TASK OBJECTIVE: Which of the lines below mention the word "section"? Pull each one out.

BEGIN DATA TO USE

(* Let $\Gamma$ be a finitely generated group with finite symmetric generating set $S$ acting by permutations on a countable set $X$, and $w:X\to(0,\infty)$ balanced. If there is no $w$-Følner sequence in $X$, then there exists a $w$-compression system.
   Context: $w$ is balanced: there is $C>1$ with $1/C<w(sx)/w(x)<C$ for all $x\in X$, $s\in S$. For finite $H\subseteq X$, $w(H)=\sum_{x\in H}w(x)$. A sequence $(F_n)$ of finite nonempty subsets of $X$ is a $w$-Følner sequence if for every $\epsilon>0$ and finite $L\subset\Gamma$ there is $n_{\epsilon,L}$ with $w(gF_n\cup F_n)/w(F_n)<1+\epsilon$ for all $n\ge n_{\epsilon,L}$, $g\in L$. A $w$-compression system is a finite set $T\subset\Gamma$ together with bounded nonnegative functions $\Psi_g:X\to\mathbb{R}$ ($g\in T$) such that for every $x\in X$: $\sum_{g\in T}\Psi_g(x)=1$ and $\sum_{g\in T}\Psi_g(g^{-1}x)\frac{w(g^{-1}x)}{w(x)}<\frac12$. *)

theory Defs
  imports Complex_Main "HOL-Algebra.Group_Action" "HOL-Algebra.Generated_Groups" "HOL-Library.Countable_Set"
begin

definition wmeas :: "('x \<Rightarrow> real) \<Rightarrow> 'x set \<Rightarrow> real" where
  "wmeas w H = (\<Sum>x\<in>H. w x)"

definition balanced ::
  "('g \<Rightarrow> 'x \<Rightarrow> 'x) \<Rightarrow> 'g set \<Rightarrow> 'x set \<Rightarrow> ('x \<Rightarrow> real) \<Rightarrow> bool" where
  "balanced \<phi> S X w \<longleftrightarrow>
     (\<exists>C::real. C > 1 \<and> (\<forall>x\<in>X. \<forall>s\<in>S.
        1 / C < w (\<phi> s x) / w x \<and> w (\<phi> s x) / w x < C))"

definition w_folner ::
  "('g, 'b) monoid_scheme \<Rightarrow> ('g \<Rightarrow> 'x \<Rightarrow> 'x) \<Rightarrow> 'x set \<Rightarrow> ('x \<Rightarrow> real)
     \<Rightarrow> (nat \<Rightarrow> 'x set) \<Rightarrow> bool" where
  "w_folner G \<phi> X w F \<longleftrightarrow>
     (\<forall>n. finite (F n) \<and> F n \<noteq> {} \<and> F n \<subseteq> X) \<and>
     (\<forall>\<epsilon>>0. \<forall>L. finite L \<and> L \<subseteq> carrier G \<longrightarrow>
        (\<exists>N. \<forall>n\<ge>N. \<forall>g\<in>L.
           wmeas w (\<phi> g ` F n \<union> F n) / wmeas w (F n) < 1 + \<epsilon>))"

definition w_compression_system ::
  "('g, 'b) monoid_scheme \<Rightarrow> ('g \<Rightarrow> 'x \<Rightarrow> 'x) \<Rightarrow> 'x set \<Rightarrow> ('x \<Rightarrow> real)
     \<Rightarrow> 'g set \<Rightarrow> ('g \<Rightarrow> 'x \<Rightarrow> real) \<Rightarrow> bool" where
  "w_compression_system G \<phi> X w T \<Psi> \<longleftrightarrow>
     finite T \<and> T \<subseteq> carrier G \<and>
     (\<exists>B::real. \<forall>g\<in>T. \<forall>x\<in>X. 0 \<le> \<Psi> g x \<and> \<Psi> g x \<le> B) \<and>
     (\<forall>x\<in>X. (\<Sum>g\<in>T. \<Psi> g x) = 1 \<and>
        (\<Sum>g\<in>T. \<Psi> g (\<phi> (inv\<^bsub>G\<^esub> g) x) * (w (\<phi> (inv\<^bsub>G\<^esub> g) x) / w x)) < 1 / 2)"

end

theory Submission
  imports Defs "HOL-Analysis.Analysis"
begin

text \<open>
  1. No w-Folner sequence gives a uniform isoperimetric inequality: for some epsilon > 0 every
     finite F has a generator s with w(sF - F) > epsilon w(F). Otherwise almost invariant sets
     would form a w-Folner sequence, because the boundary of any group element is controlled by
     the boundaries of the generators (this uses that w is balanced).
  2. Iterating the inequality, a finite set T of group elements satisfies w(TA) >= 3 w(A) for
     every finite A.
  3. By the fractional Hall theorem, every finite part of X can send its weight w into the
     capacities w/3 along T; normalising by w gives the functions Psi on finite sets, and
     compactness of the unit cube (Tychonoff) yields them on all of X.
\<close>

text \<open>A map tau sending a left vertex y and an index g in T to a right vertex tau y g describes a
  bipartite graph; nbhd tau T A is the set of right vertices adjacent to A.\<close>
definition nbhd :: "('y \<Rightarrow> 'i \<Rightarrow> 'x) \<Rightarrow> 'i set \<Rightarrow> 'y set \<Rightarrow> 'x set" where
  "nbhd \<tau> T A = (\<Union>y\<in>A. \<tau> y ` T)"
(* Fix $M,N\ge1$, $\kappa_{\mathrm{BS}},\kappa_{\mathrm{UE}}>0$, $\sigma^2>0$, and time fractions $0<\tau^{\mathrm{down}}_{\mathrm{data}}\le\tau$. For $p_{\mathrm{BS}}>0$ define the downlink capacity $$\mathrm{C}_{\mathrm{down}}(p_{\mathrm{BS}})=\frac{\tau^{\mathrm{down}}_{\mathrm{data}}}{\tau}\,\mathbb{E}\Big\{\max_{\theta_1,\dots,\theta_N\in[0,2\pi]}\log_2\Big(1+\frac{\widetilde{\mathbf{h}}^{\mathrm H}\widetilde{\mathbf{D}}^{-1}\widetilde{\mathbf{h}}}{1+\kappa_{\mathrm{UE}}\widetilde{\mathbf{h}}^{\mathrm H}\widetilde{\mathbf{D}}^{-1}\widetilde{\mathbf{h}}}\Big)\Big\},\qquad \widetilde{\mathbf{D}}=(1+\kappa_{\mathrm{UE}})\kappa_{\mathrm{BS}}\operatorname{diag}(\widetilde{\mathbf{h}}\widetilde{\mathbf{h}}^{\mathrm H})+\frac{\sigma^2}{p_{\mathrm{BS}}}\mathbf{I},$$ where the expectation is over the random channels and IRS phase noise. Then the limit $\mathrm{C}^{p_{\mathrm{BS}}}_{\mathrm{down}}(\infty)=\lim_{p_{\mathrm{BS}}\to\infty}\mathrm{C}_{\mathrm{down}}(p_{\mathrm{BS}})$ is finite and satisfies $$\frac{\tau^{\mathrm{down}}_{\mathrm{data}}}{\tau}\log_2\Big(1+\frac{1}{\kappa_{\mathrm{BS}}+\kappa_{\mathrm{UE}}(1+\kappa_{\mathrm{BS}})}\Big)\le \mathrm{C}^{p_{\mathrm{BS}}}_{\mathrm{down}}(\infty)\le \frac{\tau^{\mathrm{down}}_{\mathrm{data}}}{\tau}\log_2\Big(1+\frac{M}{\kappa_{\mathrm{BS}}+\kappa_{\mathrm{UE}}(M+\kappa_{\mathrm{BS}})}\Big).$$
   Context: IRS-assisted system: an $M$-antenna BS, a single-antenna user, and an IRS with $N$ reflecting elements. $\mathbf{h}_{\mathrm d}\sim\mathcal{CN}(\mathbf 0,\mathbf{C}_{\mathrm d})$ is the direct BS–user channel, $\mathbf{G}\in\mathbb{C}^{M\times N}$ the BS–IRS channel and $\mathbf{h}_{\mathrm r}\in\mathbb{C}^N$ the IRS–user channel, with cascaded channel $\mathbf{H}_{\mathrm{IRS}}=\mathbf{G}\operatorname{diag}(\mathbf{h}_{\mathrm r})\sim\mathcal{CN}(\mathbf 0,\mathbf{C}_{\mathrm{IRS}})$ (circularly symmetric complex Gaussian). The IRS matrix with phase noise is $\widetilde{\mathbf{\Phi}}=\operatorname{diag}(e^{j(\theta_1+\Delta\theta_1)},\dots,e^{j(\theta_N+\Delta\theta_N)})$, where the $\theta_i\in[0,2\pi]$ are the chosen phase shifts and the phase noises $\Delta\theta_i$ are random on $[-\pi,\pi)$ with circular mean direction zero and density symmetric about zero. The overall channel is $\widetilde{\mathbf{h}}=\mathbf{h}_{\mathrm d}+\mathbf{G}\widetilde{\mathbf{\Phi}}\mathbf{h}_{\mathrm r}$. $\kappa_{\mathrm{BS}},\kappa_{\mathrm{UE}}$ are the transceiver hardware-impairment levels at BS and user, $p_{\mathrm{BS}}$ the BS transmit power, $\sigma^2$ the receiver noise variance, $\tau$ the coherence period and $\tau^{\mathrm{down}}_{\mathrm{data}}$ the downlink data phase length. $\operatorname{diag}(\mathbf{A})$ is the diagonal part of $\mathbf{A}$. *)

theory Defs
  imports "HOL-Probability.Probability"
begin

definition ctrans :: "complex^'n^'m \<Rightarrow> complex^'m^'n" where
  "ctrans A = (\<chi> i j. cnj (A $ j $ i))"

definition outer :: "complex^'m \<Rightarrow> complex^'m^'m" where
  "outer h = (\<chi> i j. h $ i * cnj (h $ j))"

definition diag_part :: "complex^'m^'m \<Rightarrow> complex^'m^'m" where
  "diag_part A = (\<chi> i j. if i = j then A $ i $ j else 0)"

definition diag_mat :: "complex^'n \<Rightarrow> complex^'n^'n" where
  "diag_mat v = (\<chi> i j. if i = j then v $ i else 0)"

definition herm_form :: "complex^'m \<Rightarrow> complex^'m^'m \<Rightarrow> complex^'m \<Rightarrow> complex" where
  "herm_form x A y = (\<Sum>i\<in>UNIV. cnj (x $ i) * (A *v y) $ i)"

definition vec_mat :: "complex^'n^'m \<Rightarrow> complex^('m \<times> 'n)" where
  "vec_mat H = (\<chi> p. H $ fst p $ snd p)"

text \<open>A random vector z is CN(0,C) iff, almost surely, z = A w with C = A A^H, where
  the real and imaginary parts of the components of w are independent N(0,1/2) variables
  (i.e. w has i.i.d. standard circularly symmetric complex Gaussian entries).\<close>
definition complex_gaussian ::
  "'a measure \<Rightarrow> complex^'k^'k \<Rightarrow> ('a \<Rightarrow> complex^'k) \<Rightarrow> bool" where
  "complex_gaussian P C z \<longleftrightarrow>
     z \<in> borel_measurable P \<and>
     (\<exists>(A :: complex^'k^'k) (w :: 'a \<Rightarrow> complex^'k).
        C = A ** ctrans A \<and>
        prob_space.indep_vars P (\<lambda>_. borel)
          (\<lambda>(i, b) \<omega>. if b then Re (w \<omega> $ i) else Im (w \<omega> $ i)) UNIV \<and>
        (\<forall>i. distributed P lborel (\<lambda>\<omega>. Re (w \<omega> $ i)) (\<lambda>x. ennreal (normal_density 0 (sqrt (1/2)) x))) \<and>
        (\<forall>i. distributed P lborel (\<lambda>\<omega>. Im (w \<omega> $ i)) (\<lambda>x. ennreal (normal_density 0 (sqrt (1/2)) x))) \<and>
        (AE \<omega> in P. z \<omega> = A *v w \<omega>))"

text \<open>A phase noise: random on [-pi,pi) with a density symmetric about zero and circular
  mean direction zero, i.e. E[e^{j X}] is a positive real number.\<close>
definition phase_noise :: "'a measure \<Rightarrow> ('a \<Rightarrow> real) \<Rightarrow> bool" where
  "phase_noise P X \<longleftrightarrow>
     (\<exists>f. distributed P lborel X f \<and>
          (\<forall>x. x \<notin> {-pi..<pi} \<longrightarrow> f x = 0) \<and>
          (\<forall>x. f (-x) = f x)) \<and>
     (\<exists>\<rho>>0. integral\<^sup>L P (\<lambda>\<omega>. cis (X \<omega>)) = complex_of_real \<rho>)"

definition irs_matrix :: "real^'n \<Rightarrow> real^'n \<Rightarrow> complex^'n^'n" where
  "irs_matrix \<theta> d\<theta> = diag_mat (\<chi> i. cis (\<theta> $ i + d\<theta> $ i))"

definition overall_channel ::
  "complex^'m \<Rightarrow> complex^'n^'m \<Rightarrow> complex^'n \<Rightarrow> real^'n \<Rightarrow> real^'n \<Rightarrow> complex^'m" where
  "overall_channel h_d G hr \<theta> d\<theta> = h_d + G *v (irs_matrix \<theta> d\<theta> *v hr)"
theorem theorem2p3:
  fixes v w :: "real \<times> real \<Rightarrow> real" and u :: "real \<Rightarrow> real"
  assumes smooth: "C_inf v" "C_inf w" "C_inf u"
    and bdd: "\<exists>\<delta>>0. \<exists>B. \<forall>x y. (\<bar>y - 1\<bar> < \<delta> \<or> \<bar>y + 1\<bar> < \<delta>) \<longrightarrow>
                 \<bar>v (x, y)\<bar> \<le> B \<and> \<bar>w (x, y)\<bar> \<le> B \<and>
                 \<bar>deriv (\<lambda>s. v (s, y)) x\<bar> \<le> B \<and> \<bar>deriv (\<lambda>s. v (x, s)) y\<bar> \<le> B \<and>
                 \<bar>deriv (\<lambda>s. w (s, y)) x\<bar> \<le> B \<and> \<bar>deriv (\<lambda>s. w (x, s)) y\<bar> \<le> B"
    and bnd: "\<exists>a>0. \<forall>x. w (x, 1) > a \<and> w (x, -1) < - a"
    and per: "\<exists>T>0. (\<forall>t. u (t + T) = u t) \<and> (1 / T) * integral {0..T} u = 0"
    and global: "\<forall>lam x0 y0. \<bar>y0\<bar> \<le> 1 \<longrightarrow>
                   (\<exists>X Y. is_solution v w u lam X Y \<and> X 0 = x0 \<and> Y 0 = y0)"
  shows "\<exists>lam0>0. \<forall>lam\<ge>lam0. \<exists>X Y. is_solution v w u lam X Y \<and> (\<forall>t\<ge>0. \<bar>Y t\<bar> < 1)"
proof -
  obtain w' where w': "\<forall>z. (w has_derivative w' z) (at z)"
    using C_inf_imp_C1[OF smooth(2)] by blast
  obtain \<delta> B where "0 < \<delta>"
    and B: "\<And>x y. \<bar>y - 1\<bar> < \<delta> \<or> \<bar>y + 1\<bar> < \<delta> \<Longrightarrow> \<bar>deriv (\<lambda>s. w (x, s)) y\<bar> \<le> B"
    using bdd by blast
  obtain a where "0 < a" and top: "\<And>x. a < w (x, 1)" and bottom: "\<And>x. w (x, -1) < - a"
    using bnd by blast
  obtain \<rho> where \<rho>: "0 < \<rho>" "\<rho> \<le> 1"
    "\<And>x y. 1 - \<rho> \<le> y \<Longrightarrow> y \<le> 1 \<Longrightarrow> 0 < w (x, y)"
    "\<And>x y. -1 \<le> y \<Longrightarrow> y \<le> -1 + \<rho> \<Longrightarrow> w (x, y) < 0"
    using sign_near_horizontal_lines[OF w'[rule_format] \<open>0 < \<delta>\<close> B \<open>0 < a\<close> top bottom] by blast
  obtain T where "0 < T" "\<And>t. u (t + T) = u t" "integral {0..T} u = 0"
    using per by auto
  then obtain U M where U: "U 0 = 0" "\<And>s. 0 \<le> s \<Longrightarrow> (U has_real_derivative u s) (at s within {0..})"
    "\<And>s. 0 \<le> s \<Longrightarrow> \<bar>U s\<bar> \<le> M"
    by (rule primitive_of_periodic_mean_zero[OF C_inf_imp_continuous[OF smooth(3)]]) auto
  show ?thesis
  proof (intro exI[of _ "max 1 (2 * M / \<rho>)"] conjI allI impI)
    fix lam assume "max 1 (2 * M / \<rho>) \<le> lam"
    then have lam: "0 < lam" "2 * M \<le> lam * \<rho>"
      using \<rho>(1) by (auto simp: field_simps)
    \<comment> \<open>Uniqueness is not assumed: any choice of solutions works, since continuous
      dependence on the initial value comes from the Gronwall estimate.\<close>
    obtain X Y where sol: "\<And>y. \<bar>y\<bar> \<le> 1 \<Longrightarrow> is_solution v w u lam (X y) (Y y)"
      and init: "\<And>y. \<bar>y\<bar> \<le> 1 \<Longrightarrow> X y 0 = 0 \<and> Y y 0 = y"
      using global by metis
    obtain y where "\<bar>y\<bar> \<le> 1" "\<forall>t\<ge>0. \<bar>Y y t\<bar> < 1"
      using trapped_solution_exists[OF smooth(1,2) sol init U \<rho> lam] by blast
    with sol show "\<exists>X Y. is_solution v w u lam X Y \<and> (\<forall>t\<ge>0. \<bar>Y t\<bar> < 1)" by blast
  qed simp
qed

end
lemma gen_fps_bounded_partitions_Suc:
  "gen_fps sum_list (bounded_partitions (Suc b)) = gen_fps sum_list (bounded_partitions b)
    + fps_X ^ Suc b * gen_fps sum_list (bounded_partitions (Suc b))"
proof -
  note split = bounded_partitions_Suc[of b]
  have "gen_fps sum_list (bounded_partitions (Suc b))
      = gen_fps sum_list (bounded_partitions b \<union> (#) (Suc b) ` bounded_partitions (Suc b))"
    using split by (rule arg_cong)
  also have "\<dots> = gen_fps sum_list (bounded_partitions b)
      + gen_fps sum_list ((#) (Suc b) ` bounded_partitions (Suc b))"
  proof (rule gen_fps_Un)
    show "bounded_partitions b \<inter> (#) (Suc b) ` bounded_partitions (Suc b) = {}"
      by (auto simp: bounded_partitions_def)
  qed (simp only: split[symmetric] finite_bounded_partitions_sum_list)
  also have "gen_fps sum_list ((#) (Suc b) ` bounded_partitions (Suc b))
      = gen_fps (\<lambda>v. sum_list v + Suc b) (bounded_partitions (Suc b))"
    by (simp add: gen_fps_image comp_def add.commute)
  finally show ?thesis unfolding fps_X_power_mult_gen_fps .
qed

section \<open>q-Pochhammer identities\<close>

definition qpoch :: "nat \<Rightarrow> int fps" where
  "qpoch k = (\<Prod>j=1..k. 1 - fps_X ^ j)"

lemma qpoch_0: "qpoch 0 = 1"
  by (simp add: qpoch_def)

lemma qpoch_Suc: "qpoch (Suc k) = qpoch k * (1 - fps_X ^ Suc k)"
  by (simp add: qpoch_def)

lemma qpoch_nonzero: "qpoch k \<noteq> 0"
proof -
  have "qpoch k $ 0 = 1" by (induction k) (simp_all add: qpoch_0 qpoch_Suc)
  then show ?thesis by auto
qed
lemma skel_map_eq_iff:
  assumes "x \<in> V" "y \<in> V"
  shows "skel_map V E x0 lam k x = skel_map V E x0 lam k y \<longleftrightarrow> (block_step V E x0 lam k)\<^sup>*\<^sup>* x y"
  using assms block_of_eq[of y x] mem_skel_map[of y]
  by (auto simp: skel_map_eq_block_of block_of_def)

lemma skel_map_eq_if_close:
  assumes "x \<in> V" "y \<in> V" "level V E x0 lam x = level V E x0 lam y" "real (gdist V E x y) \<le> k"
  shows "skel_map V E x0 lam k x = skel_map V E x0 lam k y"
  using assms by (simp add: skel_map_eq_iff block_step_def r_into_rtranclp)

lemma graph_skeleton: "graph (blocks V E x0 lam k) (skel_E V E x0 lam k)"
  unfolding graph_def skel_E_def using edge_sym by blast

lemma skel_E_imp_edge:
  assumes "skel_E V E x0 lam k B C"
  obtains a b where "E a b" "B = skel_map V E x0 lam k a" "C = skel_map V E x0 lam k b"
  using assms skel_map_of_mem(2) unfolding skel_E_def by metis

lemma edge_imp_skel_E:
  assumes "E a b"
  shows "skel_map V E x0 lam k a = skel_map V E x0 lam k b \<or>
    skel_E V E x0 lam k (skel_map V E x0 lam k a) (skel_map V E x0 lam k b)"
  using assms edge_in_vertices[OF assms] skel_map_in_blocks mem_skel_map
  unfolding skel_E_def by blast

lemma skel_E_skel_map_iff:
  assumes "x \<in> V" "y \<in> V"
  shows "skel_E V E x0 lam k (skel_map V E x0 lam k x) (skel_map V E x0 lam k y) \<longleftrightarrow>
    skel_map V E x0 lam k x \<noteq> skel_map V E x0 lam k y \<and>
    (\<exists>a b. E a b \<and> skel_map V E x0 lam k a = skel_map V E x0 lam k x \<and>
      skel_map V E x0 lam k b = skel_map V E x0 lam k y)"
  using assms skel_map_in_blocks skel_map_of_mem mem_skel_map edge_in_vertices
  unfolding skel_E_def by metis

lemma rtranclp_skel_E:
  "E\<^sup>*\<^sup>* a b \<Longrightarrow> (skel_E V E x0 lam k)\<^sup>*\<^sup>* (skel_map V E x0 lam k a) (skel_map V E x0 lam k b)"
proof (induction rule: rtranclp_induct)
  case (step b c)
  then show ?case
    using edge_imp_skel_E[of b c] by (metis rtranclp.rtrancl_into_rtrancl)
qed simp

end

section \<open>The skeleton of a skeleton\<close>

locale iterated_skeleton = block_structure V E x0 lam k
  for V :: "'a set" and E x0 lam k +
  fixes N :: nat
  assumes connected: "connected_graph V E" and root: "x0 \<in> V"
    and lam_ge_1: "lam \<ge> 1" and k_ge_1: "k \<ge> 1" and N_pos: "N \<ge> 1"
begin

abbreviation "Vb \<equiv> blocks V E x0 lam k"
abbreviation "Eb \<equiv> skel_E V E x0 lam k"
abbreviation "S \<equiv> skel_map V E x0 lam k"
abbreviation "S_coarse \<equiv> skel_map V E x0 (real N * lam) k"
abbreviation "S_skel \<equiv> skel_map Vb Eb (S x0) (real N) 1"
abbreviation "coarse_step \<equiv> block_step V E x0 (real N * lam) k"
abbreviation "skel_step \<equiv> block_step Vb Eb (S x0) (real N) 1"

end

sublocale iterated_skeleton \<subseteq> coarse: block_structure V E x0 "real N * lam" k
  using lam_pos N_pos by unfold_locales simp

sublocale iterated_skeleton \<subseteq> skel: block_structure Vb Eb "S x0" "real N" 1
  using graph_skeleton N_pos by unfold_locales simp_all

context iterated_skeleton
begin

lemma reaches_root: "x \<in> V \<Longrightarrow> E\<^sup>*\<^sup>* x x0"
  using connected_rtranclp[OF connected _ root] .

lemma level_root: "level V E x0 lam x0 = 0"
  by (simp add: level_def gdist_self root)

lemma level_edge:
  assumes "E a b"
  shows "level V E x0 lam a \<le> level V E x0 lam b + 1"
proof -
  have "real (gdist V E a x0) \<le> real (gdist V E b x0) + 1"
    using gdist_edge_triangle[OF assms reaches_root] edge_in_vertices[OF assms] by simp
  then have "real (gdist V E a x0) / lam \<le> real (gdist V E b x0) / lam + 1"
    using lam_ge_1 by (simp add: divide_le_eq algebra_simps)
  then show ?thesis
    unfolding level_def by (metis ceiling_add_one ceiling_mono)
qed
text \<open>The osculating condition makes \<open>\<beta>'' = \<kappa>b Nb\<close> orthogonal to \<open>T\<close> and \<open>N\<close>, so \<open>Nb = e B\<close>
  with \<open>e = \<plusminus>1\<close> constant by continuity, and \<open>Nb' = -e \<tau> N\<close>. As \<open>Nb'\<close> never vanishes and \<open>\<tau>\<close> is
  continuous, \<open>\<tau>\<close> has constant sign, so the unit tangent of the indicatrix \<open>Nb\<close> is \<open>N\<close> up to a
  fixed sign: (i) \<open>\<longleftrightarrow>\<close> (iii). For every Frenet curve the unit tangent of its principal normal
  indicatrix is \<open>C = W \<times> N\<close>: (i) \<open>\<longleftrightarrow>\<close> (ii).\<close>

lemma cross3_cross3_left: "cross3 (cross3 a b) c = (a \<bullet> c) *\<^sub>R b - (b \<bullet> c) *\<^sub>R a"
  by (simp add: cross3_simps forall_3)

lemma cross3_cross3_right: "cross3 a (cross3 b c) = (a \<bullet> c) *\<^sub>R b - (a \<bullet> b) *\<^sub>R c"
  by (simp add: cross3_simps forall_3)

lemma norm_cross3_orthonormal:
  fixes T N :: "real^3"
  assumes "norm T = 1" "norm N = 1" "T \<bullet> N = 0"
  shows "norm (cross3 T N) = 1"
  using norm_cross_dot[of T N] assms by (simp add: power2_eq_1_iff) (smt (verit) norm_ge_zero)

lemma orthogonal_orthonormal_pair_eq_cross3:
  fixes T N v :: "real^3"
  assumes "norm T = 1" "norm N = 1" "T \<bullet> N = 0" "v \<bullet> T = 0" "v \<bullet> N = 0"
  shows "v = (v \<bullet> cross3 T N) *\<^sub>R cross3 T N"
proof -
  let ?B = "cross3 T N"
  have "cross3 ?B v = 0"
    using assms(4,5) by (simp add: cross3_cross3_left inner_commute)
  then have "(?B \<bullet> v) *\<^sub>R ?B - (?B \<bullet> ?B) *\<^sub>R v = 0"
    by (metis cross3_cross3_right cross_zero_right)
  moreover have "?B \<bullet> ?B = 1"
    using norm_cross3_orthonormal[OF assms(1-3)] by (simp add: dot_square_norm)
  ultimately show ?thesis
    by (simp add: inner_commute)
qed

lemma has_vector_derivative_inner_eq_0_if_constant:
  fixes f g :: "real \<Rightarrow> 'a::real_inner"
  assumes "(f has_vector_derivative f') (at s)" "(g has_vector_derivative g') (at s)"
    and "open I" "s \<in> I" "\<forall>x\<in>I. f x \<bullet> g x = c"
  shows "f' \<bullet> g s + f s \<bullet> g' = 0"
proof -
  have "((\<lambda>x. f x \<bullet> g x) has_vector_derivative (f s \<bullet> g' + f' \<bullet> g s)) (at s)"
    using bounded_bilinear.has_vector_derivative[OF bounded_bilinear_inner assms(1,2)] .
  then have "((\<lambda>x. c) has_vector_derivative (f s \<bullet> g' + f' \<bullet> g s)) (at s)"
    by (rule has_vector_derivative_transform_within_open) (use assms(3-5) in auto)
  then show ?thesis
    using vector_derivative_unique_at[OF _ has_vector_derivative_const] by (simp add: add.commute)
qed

END DATA TO USE

EXERCISE RESULT:
section \<open>q-Pochhammer identities\<close>
section \<open>The skeleton of a skeleton\<close>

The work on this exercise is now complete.